If I were in your shoes I'd say something to the landlord such as "I have already reported your threats to the police. I am not liable for her debt. If you contact me again for any purpose I will file for a restraining order against you and sue you for financial compensation for the mental and emotional anguish you have caused me. You have already violated the federal fair debt collections act by discussing her debts with me since I am not party to your contract. I intend to assist my Grandmother in obtaining legal counsel and we will use your illegal behavior against you in court to have the debt for unpaid rent discharged. We will not press criminal charges IF this is the last time we hear from you."
- 2 months ago
There are good people and bad people everywhere. The landlord is a bad person and he himself may have serious financial problems. Be firm with the landlord - tell him that his misfortune is not your problem.
- Brian McilweeLv 52 months ago
I am guessing that because you had a lawyer deal with all of this there was no 'Power of Attorney'. I am also going to guess that this all happened VERY fast and you are asking this question because your parents are so stressed out....you are about 28 Yes?...23? Anyway you are old enough and smart enough so:
You were not on the lease, therefore the landlord HAS to deal with your grandmother...and because she cannot deal with it...he HAS to deal with her attorney.
It does not matter if he wants to talk tot hem or not, it is the law, you were not legally involved until now.
Now this landlord has threatened you. This person is not much more than a stranger, and you have no idea what they are capable of other than they are demanding money from you.
Keep records of the threats and go and talk to the police about getting a restraining order. Also talk to your grandmother's lawyer. They will... for free (or a very small price)write and send a 'CEASE and DESIST' letter to the landlord. Basically that letter will outline the; legal remedies that the lawyer will use to totally 'put this person in their place and make certain they think twice before threatening another person.' Once the landlord receives that letter and once you have a restraining order preventing that person from ever contacting you...if they do you can sue them and take their 'filthy benighted clap trap of a building' away from them...and donate it to a non-profit...tear it down or even paint an unflattering picture of the landlord on the front.
Really....you are in the right...they are in the wrong, and you do what ever it is you need to do to get rid of this creep and feel better.
I hope your grandmother recovers and you can have another 30 wonderful years with her!!!

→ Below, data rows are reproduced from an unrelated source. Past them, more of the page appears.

lemma (in centered_real_law) measure_derangement_form_gt_le:
  fixes I :: "'i set" and \<sigma> :: "'i \<Rightarrow> 'i" and K c :: real
  assumes fin: "finite I" and perm: "\<sigma> permutes I" and no_fixpoint: "\<And>i. i \<in> I \<Longrightarrow> \<sigma> i \<noteq> i"
    and "0 \<le> K" "0 < c"
  shows "measure (PiM I (\<lambda>_. M)) {w \<in> space (PiM I (\<lambda>_. M)). c < \<bar>\<Sum>i\<in>I. w i * w (\<sigma> i)\<bar>}
    \<le> 128 * card I * K ^ 4 / c\<^sup>2
      + 6 * card I * (\<integral>x. \<bar>x\<bar> \<partial>M) * (\<integral>x. \<bar>truncate_rest K x\<bar> \<partial>M) / c"
proof -
  interpret P: prob_space "PiM I (\<lambda>_. M)" by (rule prob_space_PiM) (rule prob_space_axioms)
  note derangement = prob_space_axioms fin perm no_fixpoint
  define a where "a = centered_truncate K"
  define b where "b = truncate_rest K"
  define A where "A w = (\<Sum>i\<in>I. a (w i) * a (w (\<sigma> i)))" for w :: "'i \<Rightarrow> real"
  define S where "S w = (\<Sum>i\<in>I. \<bar>a (w i)\<bar> * \<bar>b (w (\<sigma> i))\<bar>) + (\<Sum>i\<in>I. \<bar>b (w i)\<bar> * \<bar>w (\<sigma> i)\<bar>)"
    for w :: "'i \<Rightarrow> real"
  have [measurable]: "a \<in> borel_measurable M" "b \<in> borel_measurable M"
    unfolding a_def b_def by measurable
  have \<sigma>_in: "\<sigma> i \<in> I" if "i \<in> I" for i
    using permutes_in_image[OF perm] that by simp
  have moments_measurable:
    "(\<lambda>w. \<Sum>i\<in>I. w i * w (\<sigma> i)) \<in> borel_measurable (PiM I (\<lambda>_. M))"
    "A \<in> borel_measurable (PiM I (\<lambda>_. M))" "S \<in> borel_measurable (PiM I (\<lambda>_. M))"
    unfolding A_def[abs_def] S_def[abs_def]
    by (intro borel_measurable_add measurable_sum_coordinate_products[OF \<sigma>_in]; measurable)+
  have a_bound: "\<bar>a x\<bar> \<le> 2 * K" for x
    unfolding a_def by (rule abs_centered_truncate_le) fact
  have int_A2: "integrable (PiM I (\<lambda>_. M)) (\<lambda>w. (A w)\<^sup>2)"
    unfolding A_def using derangement a_bound integral_centered_truncate
    by (intro integrable_derangement_form_square) (auto simp: a_def)
  have EA2: "(\<integral>w. (A w)\<^sup>2 \<partial>PiM I (\<lambda>_. M)) \<le> 32 * card I * K ^ 4"
    using integral_derangement_form_square_le[OF derangement, of a "2 * K"] a_bound
      integral_centered_truncate
    by (simp add: A_def a_def power_mult_distrib)
  have S_nonneg: "0 \<le> S w" for w
    unfolding S_def by (intro add_nonneg_nonneg sum_nonneg) auto
  have Q_le: "\<bar>\<Sum>i\<in>I. w i * w (\<sigma> i)\<bar> \<le> \<bar>A w\<bar> + S w" for w
    using abs_sum_products_le[where a = a and b = b and x = w and I = I and \<sigma> = \<sigma>]
    unfolding A_def S_def sum.distrib by (simp add: a_def b_def truncate_rest_def)
  have "measure (PiM I (\<lambda>_. M)) {w \<in> space (PiM I (\<lambda>_. M)). c < \<bar>\<Sum>i\<in>I. w i * w (\<sigma> i)\<bar>}
      \<le> 4 * (\<integral>w. (A w)\<^sup>2 \<partial>PiM I (\<lambda>_. M)) / c\<^sup>2 + 2 * (\<integral>w. S w \<partial>PiM I (\<lambda>_. M)) / c"
    using moments_measurable int_A2 integrable_derangement_truncate_cross[OF fin perm no_fixpoint]
      Q_le S_nonneg \<open>0 < c\<close>
    by (intro P.measure_abs_gt_le_moments) (auto simp: S_def a_def b_def)
  also have "\<dots> \<le> 4 * (32 * card I * K ^ 4) / c\<^sup>2
      + 2 * (3 * card I * (\<integral>x. \<bar>x\<bar> \<partial>M) * (\<integral>x. \<bar>b x\<bar> \<partial>M)) / c"
    using EA2 integral_derangement_truncate_cross_le[OF fin perm no_fixpoint, of K] \<open>0 < c\<close>
    by (intro add_mono divide_right_mono mult_left_mono) (auto simp: S_def a_def b_def)
  finally show ?thesis by (simp add: b_def)
qed

lemma perm_matrix_trace_zero_derangement:
  assumes "perm_matrix n P" "mat_trace n P = 0"
  obtains \<sigma> where "\<sigma> permutes {..<n}" "\<And>i. i < n \<Longrightarrow> \<sigma> i \<noteq> i"
    "\<And>w. quad_form n P w = (\<Sum>i<n. w i * w (\<sigma> i))"
proof -
  obtain \<sigma> where perm: "\<sigma> permutes {..<n}"
    and P: "\<And>i j. i < n \<Longrightarrow> j < n \<Longrightarrow> P i j = (if \<sigma> i = j then 1 else 0)"
    using assms(1) unfolding perm_matrix_def by blast
  have "\<forall>i\<in>{..<n}. P i i = 0"
    using assms(2) P by (subst sum_nonneg_eq_0_iff[symmetric]) (auto simp: mat_trace_def)
  then have no_fixpoint: "\<sigma> i \<noteq> i" if "i < n" for i
    using P[of i i] that by auto
  have "quad_form n P w = (\<Sum>i<n. w i * w (\<sigma> i))" for w
  proof -
    have "quad_form n P w = (\<Sum>i<n. \<Sum>j<n. if \<sigma> i = j then w i * w j else 0)"
      unfolding quad_form_def by (intro sum.cong refl) (simp add: P)
    also have "\<dots> = (\<Sum>i<n. w i * w (\<sigma> i))"
      using permutes_in_image[OF perm] by (intro sum.cong refl) auto
    finally show ?thesis .
  qed
  with perm no_fixpoint that show ?thesis by blast
qed

lemma (in centered_real_law) measure_quad_form_gt_le:
  assumes "perm_matrix n P" "mat_trace n P = 0" "0 < n" "0 \<le> K" "0 < \<delta>"
  shows "measure (PiM {..<n} (\<lambda>_. M))
      {w \<in> space (PiM {..<n} (\<lambda>_. M)). \<bar>quad_form n P w\<bar> / real n > \<delta>}
    \<le> 128 * K ^ 4 / \<delta>\<^sup>2 / real n
      + 6 * (\<integral>x. \<bar>x\<bar> \<partial>M) * (\<integral>x. \<bar>truncate_rest K x\<bar> \<partial>M) / \<delta>"
    (is "?p \<le> _")
proof -
  obtain \<sigma> where derangement: "\<sigma> permutes {..<n}" "\<And>i. i < n \<Longrightarrow> \<sigma> i \<noteq> i"
    and quad: "\<And>w. quad_form n P w = (\<Sum>i<n. w i * w (\<sigma> i))"
    using perm_matrix_trace_zero_derangement[OF assms(1,2)] by metis
  have "\<bar>q\<bar> / real n > \<delta> \<longleftrightarrow> real n * \<delta> < \<bar>q\<bar>" for q
    using \<open>0 < n\<close> by (simp add: pos_less_divide_eq mult.commute)
  then have "?p \<le> 128 * n * K ^ 4 / (real n * \<delta>)\<^sup>2
      + 6 * n * (\<integral>x. \<bar>x\<bar> \<partial>M) * (\<integral>x. \<bar>truncate_rest K x\<bar> \<partial>M) / (real n * \<delta>)"
    using measure_derangement_form_gt_le[of "{..<n}" \<sigma> K "real n * \<delta>"] derangement assms(3-5)
    by (simp add: quad)
  also have "\<dots> = 128 * K ^ 4 / \<delta>\<^sup>2 / real n
      + 6 * (\<integral>x. \<bar>x\<bar> \<partial>M) * (\<integral>x. \<bar>truncate_rest K x\<bar> \<partial>M) / \<delta>"
    using \<open>0 < n\<close> by (simp add: power2_eq_square ac_simps)
  finally show ?thesis .
qed

lemma in_D1_imp_centered_real_law: "in_D1 \<mu> \<Longrightarrow> centered_real_law \<mu>"
  unfolding in_D1_def centered_real_law_def centered_real_law_axioms_def by blast

theorem lemmaA8:
  fixes P :: "nat \<Rightarrow> nat \<Rightarrow> nat \<Rightarrow> real" and \<mu> :: "real measure" and \<delta> :: real
  assumes "\<And>n. n \<ge> 2 \<Longrightarrow> perm_matrix n (P n) \<and> mat_trace n (P n) = 0"
    and "in_D1 \<mu>"
    and "\<delta> > 0"
  shows "(\<lambda>n. measure (PiM {..<n} (\<lambda>_. \<mu>))
            {w \<in> space (PiM {..<n} (\<lambda>_. \<mu>)). \<bar>quad_form n (P n) w\<bar> / real n > \<delta>})
         \<longlonglongrightarrow> 0"
proof (rule tendsto_zero_if_eventually_le_vanishing)
  interpret centered_real_law \<mu>
    using assms(2) by (rule in_D1_imp_centered_real_law)
  let ?e = "\<lambda>k. 6 * (\<integral>x. \<bar>x\<bar> \<partial>\<mu>) * (\<integral>x. \<bar>truncate_rest (real k) x\<bar> \<partial>\<mu>) / \<delta>"
  show "?e \<longlonglongrightarrow> 0"
    by (intro tendsto_divide_zero tendsto_mult_right_zero tendsto_integral_abs_truncate_rest)
  show "\<forall>\<^sub>F n in sequentially. measure (PiM {..<n} (\<lambda>_. \<mu>))
          {w \<in> space (PiM {..<n} (\<lambda>_. \<mu>)). \<bar>quad_form n (P n) w\<bar> / real n > \<delta>}
        \<le> 128 * real k ^ 4 / \<delta>\<^sup>2 / real n + ?e k" for k
    using assms(1,3) by (intro eventually_sequentiallyI[of 2] measure_quad_form_gt_le) auto
qed (rule measure_nonneg)
(* Assume the setting described in the context. Let $P$ and $P'$ be p-matrices with $P'\subset P$, with columns $I_1,\dots,I_{p+q+2}$ and $J_1,\dots,J_{p+q+2}$ respectively, such that for every column $i$ the column $J_i$ is nested in $I_i$ in the sense described in the context, and let $K_i,L_i$ be as defined there. For $j=1,\dots,p+q+2$ form the p-matrices $(J_1,\dots,J_{j-1},K_j,I_{j+1},\dots,I_{p+q+2})$ and $(J_1,\dots,J_{j-1},L_j,I_{j+1},\dots,I_{p+q+2})$. Then these $2(p+q+2)$ p-matrices (of which the empty ones may be discarded) are pairwise disjoint, and their union is $P\setminus P'$.
   Context: $\mathbb N=\{0,1,2,\dots\}$. For $a\in\mathbb Z$, $b\in\mathbb Z\cup\{\infty\}$, $[a,b]=\{j\in\mathbb N:a\le j\le b\}$ (with $j<\infty$ if $b=\infty$). A p-matrix with data $\mathbf a\in\mathbb Z^p$, $\mathbf b\in(\mathbb Z\cup\{\infty\})^p$, $\mathbf c\in\mathbb Z^q$, $\mathbf d\in(\mathbb Z\cup\{\infty\})^q$, integer-valued functions $E,F$ on the block $[\mathbf a,\mathbf b]=\prod[a_i,b_i]$ and $G,H$ on $[\mathbf c,\mathbf d]=\prod[c_j,d_j]$, is the set $\{(\mathbf k;\boldsymbol\ell;s)\in\mathbb N^{p+q+1}:\mathbf k\in[\mathbf a,\mathbf b],\boldsymbol\ell\in[\mathbf c,\mathbf d],s\in[E(\mathbf k),F(\mathbf k)]\cap[G(\boldsymbol\ell),H(\boldsymbol\ell)]\}$. Its columns are: $I_i=[a_i,b_i]$ for $i\le p$ (constraint on $k_i$), $I_{p+j}=[c_j,d_j]$ for $j\le q$ (constraint on $\ell_j$), $I_{p+q+1}$ = the interval-valued function $\mathbf k\mapsto[E(\mathbf k),F(\mathbf k)]$ and $I_{p+q+2}$ = the function $\boldsymbol\ell\mapsto[G(\boldsymbol\ell),H(\boldsymbol\ell)]$ (constraints on $s$). A p-matrix is written as the tuple of its columns, and conversely any such tuple (integer intervals in the first $p+q$ positions, interval-valued functions of $\mathbf k$ resp. $\boldsymbol\ell$ in the last two, each defined on the block given by the corresponding first columns) defines a p-matrix. Nesting: for an integer-interval column $I_i=[u,v]$, $J_i=[u',v']$, nesting means $u\le u'\le v'+1\le v+1$ (with $\infty+1=\infty$); then $K_i=[u,u'-1]$ and $L_i=[v'+1,v]$ (empty if $v'=v=\infty$). For the $s$-columns nesting means this pointwise: $E(\mathbf k)\le E'(\mathbf k)\le F'(\mathbf k)+1\le F(\mathbf k)+1$ for every $\mathbf k$ in the $\mathbf k$-block of $P'$ (and likewise for $G,H$ versus $G',H'$ on the $\boldsymbol\ell$-block of $P'$), and $K_{p+q+1}$ is $\mathbf k\mapsto[E(\mathbf k),E'(\mathbf k)-1]$, $L_{p+q+1}$ is $\mathbf k\mapsto[F'(\mathbf k)+1,F(\mathbf k)]$, similarly for column $p+q+2$. Under nesting, $I_i\setminus J_i=K_i\sqcup L_i$. *)

theory Defs
  imports Main
begin
lemma ln_size_bounds:
  assumes "2 \<le> r" and "exp (real r + 1) \<le> real n"
  shows "1 \<le> ln (real n)" and "(real r + 1) * ln (real n) \<le> (ln (real n))^2"
    and "6 \<le> (ln (real n))^2" and "exp (- ((ln (real n))^2)) \<le> 1 / real n"
proof -
  have "0 < real n" using assms(2) by (metis exp_gt_zero order_less_le_trans)
  then have r_ln: "real r + 1 \<le> ln (real n)" using assms(2) by (simp add: ln_ge_iff)
  then have "3 \<le> ln (real n)" using assms(1) by linarith
  then show "1 \<le> ln (real n)" by simp
  show "(real r + 1) * ln (real n) \<le> (ln (real n))^2"
    unfolding power2_eq_square using r_ln \<open>3 \<le> ln (real n)\<close> by (intro mult_right_mono) auto
  show "6 \<le> (ln (real n))^2"
    using power_mono[OF \<open>3 \<le> ln (real n)\<close>, of 2] by simp
  have "exp (- ((ln (real n))^2)) \<le> exp (- ln (real n))"
    unfolding power2_eq_square using \<open>3 \<le> ln (real n)\<close> by simp
  also have "\<dots> = 1 / real n" using \<open>0 < real n\<close> by (simp add: exp_minus inverse_eq_divide)
  finally show "exp (- ((ln (real n))^2)) \<le> 1 / real n" .
qed

lemma sum_le_if_one_small:
  fixes y :: "'a \<Rightarrow> real"
  assumes "finite A" "a \<in> A" "y a \<le> e" "\<forall>t\<in>A. y t \<le> 1"
  shows "sum y A \<le> real (card A) - 1 + e"
proof -
  have "sum y A = y a + sum y (A - {a})" using assms(1,2) by (rule sum.remove)
  also have "sum y (A - {a}) \<le> card (A - {a})" using assms(4) sum_mono[of "A - {a}" y "\<lambda>_. 1"] by simp
  also have "card (A - {a}) = card A - 1" using assms(1,2) by simp
  finally show ?thesis
    using assms(1-3) card_gt_0_iff[of A] by (auto simp: of_nat_diff)
qed

definition preact :: "nat \<Rightarrow> (nat \<Rightarrow> real) \<Rightarrow> (nat \<Rightarrow> real) \<Rightarrow> real" where
  "preact m c y = (\<Sum>j=1..m. c j * y j) + c 0"
(* Let $\mathbb{X},\mathbb{Y}$ be real Banach spaces and $T:\mathbb{X}\to\mathbb{Y}$ a bounded linear operator that preserves Birkhoff–James orthogonality at $u$ and at $v$, where $u,v\in S_{\mathbb{X}}$ lie on a common face $F$ of $B_{\mathbb{X}}$ which is supported by a functional $f\in S_{\mathbb{X}^*}$ (i.e. $f\equiv1$ on $F$). Then $\|Tu\|=\|Tv\|$.
   Context: $u\perp_B v$ means $\|u+\lambda v\|\ge\|u\|$ for all real $\lambda$; $T$ preserves Birkhoff–James orthogonality at $x$ if $x\perp_B w\Rightarrow Tx\perp_B Tw$ for all $w$. A convex subset $F$ of a convex set $G$ is a face of $G$ if whenever $a,b\in G$, $0<t<1$ and $(1-t)a+tb\in F$, then $a,b\in F$. $B_{\mathbb{X}}$, $S_{\mathbb{X}}$ denote the closed unit ball and unit sphere. *)

theory Defs
  imports "HOL-Analysis.Analysis"
begin

definition bj_orth :: "'a::real_normed_vector \<Rightarrow> 'a \<Rightarrow> bool" where
  "bj_orth u v \<longleftrightarrow> (\<forall>l::real. norm (u + l *\<^sub>R v) \<ge> norm u)"

definition preserves_bj_at :: "('a::real_normed_vector \<Rightarrow> 'b::real_normed_vector) \<Rightarrow> 'a \<Rightarrow> bool" where
  "preserves_bj_at T x \<longleftrightarrow> (\<forall>w. bj_orth x w \<longrightarrow> bj_orth (T x) (T w))"

end

theory Submission
  imports Defs
begin

text \<open>If a norm-one functional f equals 1 at u and v, then u is Birkhoff--James orthogonal
  to v - u, because f is constantly 1 on the line through u and v and so the norm is at
  least 1 there. Hence T u is orthogonal to T v - T u, which gives
  norm (T u) \<le> norm (T v); the symmetric argument gives the reverse inequality.\<close>

lemma bj_orth_if_norming_functional:
  fixes f :: "'a::real_normed_vector \<Rightarrow>\<^sub>L real"
  assumes "norm f \<le> 1" and "blinfun_apply f u = norm u" and "blinfun_apply f w = 0"
  shows "bj_orth u w"
  unfolding bj_orth_def
proof
  fix l :: real
  have "norm u = blinfun_apply f (u + l *\<^sub>R w)"
    using assms(2,3) by (simp add: blinfun.add_right blinfun.scaleR_right)
  also have "\<dots> \<le> norm f * norm (u + l *\<^sub>R w)"
    using norm_blinfun[of f "u + l *\<^sub>R w"] by simp
  also have "\<dots> \<le> norm (u + l *\<^sub>R w)"
    using assms(1) by (simp add: mult_left_le_one_le)
  finally show "norm u \<le> norm (u + l *\<^sub>R w)" .
qed

lemma norm_le_if_preserves_bj_at:
  fixes T :: "'a::real_normed_vector \<Rightarrow> 'b::real_normed_vector"
  assumes "linear T" and "preserves_bj_at T u" and "bj_orth u (v - u)"
  shows "norm (T u) \<le> norm (T v)"
proof -
  have "bj_orth (T u) (T (v - u))"
    using assms(2,3) unfolding preserves_bj_at_def by blast
  then have "norm (T u) \<le> norm (T u + 1 *\<^sub>R T (v - u))"
    unfolding bj_orth_def by blast
  also have "T u + 1 *\<^sub>R T (v - u) = T v"
    using assms(1) by (simp add: linear_diff)
  finally show ?thesis .
qed

lemma norm_le_if_preserves_bj_at_on_norming_level_set:
  fixes T :: "'a::real_normed_vector \<Rightarrow> 'b::real_normed_vector"
    and f :: "'a \<Rightarrow>\<^sub>L real"
  assumes "linear T" and "preserves_bj_at T u" and "norm u = 1" and "norm f \<le> 1"
    and "blinfun_apply f u = 1" and "blinfun_apply f v = 1"
  shows "norm (T u) \<le> norm (T v)"
proof -
  have "blinfun_apply f (v - u) = 0"
    using assms(5,6) by (simp add: blinfun.diff_right)
  then have "bj_orth u (v - u)"
    using assms(3-5) by (intro bj_orth_if_norming_functional) simp_all
  with assms(1,2) show ?thesis
    by (rule norm_le_if_preserves_bj_at)
qed

text \<open>F only serves to give f u = f v = 1.\<close>

theorem mainTheorem12:
  fixes T :: "'a::banach \<Rightarrow> 'b::banach"
    and u v :: 'a
    and F :: "'a set"
    and f :: "'a \<Rightarrow>\<^sub>L real"
  assumes "bounded_linear T"
    and "preserves_bj_at T u"
    and "preserves_bj_at T v"
    and "norm u = 1" and "norm v = 1"
    and "F face_of cball 0 1"
    and "u \<in> F" and "v \<in> F"
    and "norm f = 1"
    and "\<forall>x\<in>F. blinfun_apply f x = 1"
  shows "norm (T u) = norm (T v)"
proof -
  have T: "linear T" and f: "norm f \<le> 1"
    using assms(1,9) bounded_linear.linear by auto
  have fu: "blinfun_apply f u = 1" and fv: "blinfun_apply f v = 1"
    using assms(7,8,10) by auto
  show ?thesis
    using norm_le_if_preserves_bj_at_on_norming_level_set[OF T assms(2,4) f fu fv]
      norm_le_if_preserves_bj_at_on_norming_level_set[OF T assms(3,5) f fv fu]
    by linarith
qed

end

- sunshine_melLv 72 months ago
I guess the issue is - she (or her estate, if someone else is now in charge of it) owes the money.
This is a basic legal fact.
Assuming that the lawyer is in charge of her estate / finances - write to the landlord, confirming again the details of the lawyer, and ask that all future communications are addressed to him. Pass anything else you receive onto the lawyer to deal with it.
If you rather than the lawyer are responsible for these; then you need to get the rent paid.
(NB it's not heartless to require the money - renting property is a business, and landlords have bills to pay too)
- Elaine MLv 72 months ago
Legally if he threatens you again talk to a lawyer.
- RichardLv 72 months ago
If he is threatening you, report it to the cops.